A month from now, on September 15th, Fr. Basil Moreau, the founder of our religious community, the Congregation of Holy Cross, will be beatified in Le Mans, France. During the many years of preparation for this historic moment in our community, those studying Fr. Moreau’s life and writings have marveled at the strength of his faith as he battled to assist church and society in recovering from the devastation of the French Revolution. More trying still were the internal battles within our infant congregation, Fr. Moreau villainized and eventually ousted from the community before his death in 1873. A man of deep prayer throughout his life, it was during his most severe trial that a portrait emerged.

Kneeling in the chapel late one night, his soul close to despair, Fr. Moreau begged God for direction as obstacles seemed to thwart every attempt to establish his new community. Copious tears fell from his eyes as his desperate pleas met only silence. Finally, as if to arouse God Himself from lethargy, Fr. Moreau arose, ascended the altar steps and knocked upon the door of the tabernacle. “Is anyone in there?” spoke his despair. “Is anyone in there?” And indeed, the history of our Holy Cross community attests to the unspoken answer from behind the tabernacle door: “Yes, I am in here. I hear you and I am with you.”

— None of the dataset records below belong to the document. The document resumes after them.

lemma cols_lin_dep_generator_matrix:
  assumes "generator_matrix k C M" and "S \<subseteq> {0..<k}"
  shows "cols_lin_dep M S \<longleftrightarrow> coords_lin_dep C S"
proof -
  have "dim_col M = k" and span: "module.span class_ring (module_vec TYPE('a) k) (set (rows M)) = C"
    using assms(1) unfolding generator_matrix_def by auto
  moreover have "set (rows M) = row M ` {0..<dim_row M}" by (simp add: rows_def)
  moreover have "set (rows M) \<subseteq> carrier_vec k" using \<open>dim_col M = k\<close> by (auto simp: rows_def)
  ultimately show ?thesis
    using assms(2) cols_lin_dep_iff_coords_lin_dep_rows coords_lin_dep_span by metis
qed

section \<open>Column submatrices\<close>

lemma subsets_eq_image_subsets_bij_betw:
  assumes "bij_betw f A B"
  shows "{T. T \<subseteq> B \<and> P T} = image f ` {T. T \<subseteq> A \<and> P (f ` T)}"
proof (intro equalityI subsetI)
  fix T assume T: "T \<in> {T. T \<subseteq> B \<and> P T}"
  then have "T \<in> image f ` Pow A"
    using image_Pow_surj[OF bij_betw_imp_surj_on[OF assms]] by simp
  then obtain U where "U \<subseteq> A" "T = f ` U" by auto
  then show "T \<in> image f ` {T. T \<subseteq> A \<and> P (f ` T)}" using T by auto
next
  fix T assume "T \<in> image f ` {T. T \<subseteq> A \<and> P (f ` T)}"
  then show "T \<in> {T. T \<subseteq> B \<and> P T}" using bij_betw_imp_surj_on[OF assms] by auto
qed

lemma card_image_subsets_bij_betw:
  assumes "bij_betw f A B"
  shows "card ` {T. T \<subseteq> B \<and> P T} = card ` {T. T \<subseteq> A \<and> P (f ` T)}"
proof -
  have "card ` {T. T \<subseteq> B \<and> P T} = (\<lambda>T. card (f ` T)) ` {T. T \<subseteq> A \<and> P (f ` T)}"
    by (simp only: subsets_eq_image_subsets_bij_betw[OF assms] image_image)
  also have "\<dots> = card ` {T. T \<subseteq> A \<and> P (f ` T)}"
    using assms by (intro image_cong) (auto simp: bij_betw_def intro: card_image inj_on_subset)
  finally show ?thesis .
qed

lemma all_psubset_bij_betw_iff:
  assumes "bij_betw f A B"
  shows "(\<forall>S. S \<subset> B \<longrightarrow> P S) \<longleftrightarrow> (\<forall>S. S \<subset> A \<longrightarrow> P (f ` S))"
proof -
  have psubset: "f ` S \<subset> B \<longleftrightarrow> S \<subset> A" if "S \<subseteq> A" for S
  proof -
    have "f ` S = B \<longleftrightarrow> S = A"
      using that inj_on_image_eq_iff[of f A S A] assms by (simp add: bij_betw_def)
    moreover have "f ` S \<subseteq> B" using that assms by (auto simp: bij_betw_def)
    ultimately show ?thesis using that by (simp only: psubset_eq)
  qed
  show ?thesis
  proof (intro iffI allI impI)
    fix S assume P: "\<forall>S. S \<subset> B \<longrightarrow> P S" and S: "S \<subset> A"
    then show "P (f ` S)" using psubset[of S] by simp
  next
    fix S assume P: "\<forall>S. S \<subset> A \<longrightarrow> P (f ` S)" and S: "S \<subset> B"
    have "S \<in> image f ` Pow A"
      using S bij_betw_imp_surj_on[OF bij_betw_image_Pow[OF assms]] by auto
    then obtain T where "T \<subseteq> A" "S = f ` T" by auto
    then show "P S" using P S psubset[of T] by simp
  qed
qed

lemma bij_betw_pick:
  assumes "finite I"
  shows "bij_betw (pick I) {0..<card I} I"
proof (rule bij_betw_byWitness[where f' = "\<lambda>i. card {a\<in>I. a < i}"])
  have "card {a\<in>I. a < i} < card I" if "i \<in> I" for i
    using that assms by (intro psubset_card_mono) auto
  then show "(\<lambda>i. card {a\<in>I. a < i}) ` I \<subseteq> {0..<card I}" by auto
qed (auto simp: card_pick_le pick_in_set_le pick_card_in_set)

lemma dim_cols_sub:
  assumes "I \<subseteq> {0..<dim_col M}"
  shows "dim_row (cols_sub M I) = dim_row M" and "dim_col (cols_sub M I) = card I"
proof -
  have "{j. j < dim_col M \<and> j \<in> I} = I" using assms by auto
  then show "dim_row (cols_sub M I) = dim_row M" "dim_col (cols_sub M I) = card I"
    unfolding cols_sub_def dim_submatrix by simp_all
qed

lemma cols_sub_index:
  assumes "I \<subseteq> {0..<dim_col M}" "r < dim_row M" "t < card I"
  shows "cols_sub M I $$ (r, t) = M $$ (r, pick I t)"
  using assms dim_cols_sub[OF assms(1)] unfolding cols_sub_def dim_submatrix
  by (simp add: submatrix_index pick_UNIV)

lemma cols_lin_dep_cols_sub:
  fixes M :: "'a::field mat"
  assumes I: "I \<subseteq> {0..<dim_col M}" and T: "T \<subseteq> {0..<card I}"
  shows "cols_lin_dep (cols_sub M I) T \<longleftrightarrow> cols_lin_dep M (pick I ` T)"
proof -
  have pick: "pick I ` T \<subseteq> I" using T pick_in_set_le by auto
  have entries: "row M r $ pick I t = row (cols_sub M I) r $ t"
    if "r \<in> {0..<dim_row M}" "t \<in> T" for r t
  proof -
    have "t < card I" "pick I t < dim_col M" using that T I pick by (auto simp: subset_iff)
    then show ?thesis using that I by (simp add: cols_sub_index dim_cols_sub)
  qed
  have "cols_lin_dep M (pick I ` T) \<longleftrightarrow> coords_lin_dep (row M ` {0..<dim_row M}) (pick I ` T)"
    using I pick by (intro cols_lin_dep_iff_coords_lin_dep_rows) auto
  also have "\<dots> \<longleftrightarrow> coords_lin_dep (row (cols_sub M I) ` {0..<dim_row M}) T"
    using entries inj_on_subset[OF bij_betw_imp_inj_on[OF bij_betw_pick] T] finite_subset[OF I]
    by (intro coords_lin_dep_monomial[where \<phi> = id and b = "\<lambda>_. 1"]) auto
  also have "\<dots> \<longleftrightarrow> cols_lin_dep (cols_sub M I) T"
    using T dim_cols_sub[OF I] by (simp add: cols_lin_dep_iff_coords_lin_dep_rows)
  finally show ?thesis ..
qed

lemma mat_rank_cols_sub:
  fixes M :: "'a::field mat"
  assumes I: "I \<subseteq> {0..<dim_col M}"
  shows "mat_rank (cols_sub M I) = Max (card ` {T. T \<subseteq> I \<and> \<not> cols_lin_dep M T})"
proof -
  have "mat_rank (cols_sub M I) = Max (card ` {T. T \<subseteq> {0..<card I} \<and> \<not> cols_lin_dep M (pick I ` T)})"
    using I by (simp add: mat_rank_eq_Max_card_cols_lin_indep dim_cols_sub cols_lin_dep_cols_sub cong: conj_cong)
  also have "\<dots> = Max (card ` {T. T \<subseteq> I \<and> \<not> cols_lin_dep M T})"
    using card_image_subsets_bij_betw[OF bij_betw_pick[OF finite_subset[OF I]]] by simp
  finally show ?thesis .
qed

lemma cols_min_lin_dep_cols_sub:
  fixes M :: "'a::field mat"
  assumes I: "I \<subseteq> {0..<dim_col M}"
  shows "cols_min_lin_dep (cols_sub M I) \<longleftrightarrow> cols_lin_dep M I \<and> (\<forall>S. S \<subset> I \<longrightarrow> \<not> cols_lin_dep M S)"
proof -
  have pick: "bij_betw (pick I) {0..<card I} I" by (rule bij_betw_pick[OF finite_subset[OF I]]) simp
  have "cols_min_lin_dep (cols_sub M I) \<longleftrightarrow>
      cols_lin_dep M (pick I ` {0..<card I}) \<and> (\<forall>S. S \<subset> {0..<card I} \<longrightarrow> \<not> cols_lin_dep M (pick I ` S))"
    using I by (auto simp: cols_min_lin_dep_def dim_cols_sub cols_lin_dep_cols_sub)
  then show ?thesis
    using all_psubset_bij_betw_iff[OF pick, of "\<lambda>S. \<not> cols_lin_dep M S"] bij_betw_imp_surj_on[OF pick]
    by simp
qed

Jesus said to his disciples, “Be like those who are waiting for their master to return so that they may open the door for him as soon as he comes and knocks.” (Luke 12:36) Sometimes it’s God knocking on our door, hoping to be admitted to our company. Other times, as with Fr. Moreau, it’s us knocking on God’s door, hoping to be admitted to God’s company. Either way, that rap-rap-rap is the confession that we’re sitting all alone on a tree stump in the deep forest, the wind howling about us, the earth shaking under us. Rap-rap-rap we bang upon the door with the silent prayer, “Please come sit beside me, there’s plenty of room on the tree stump.”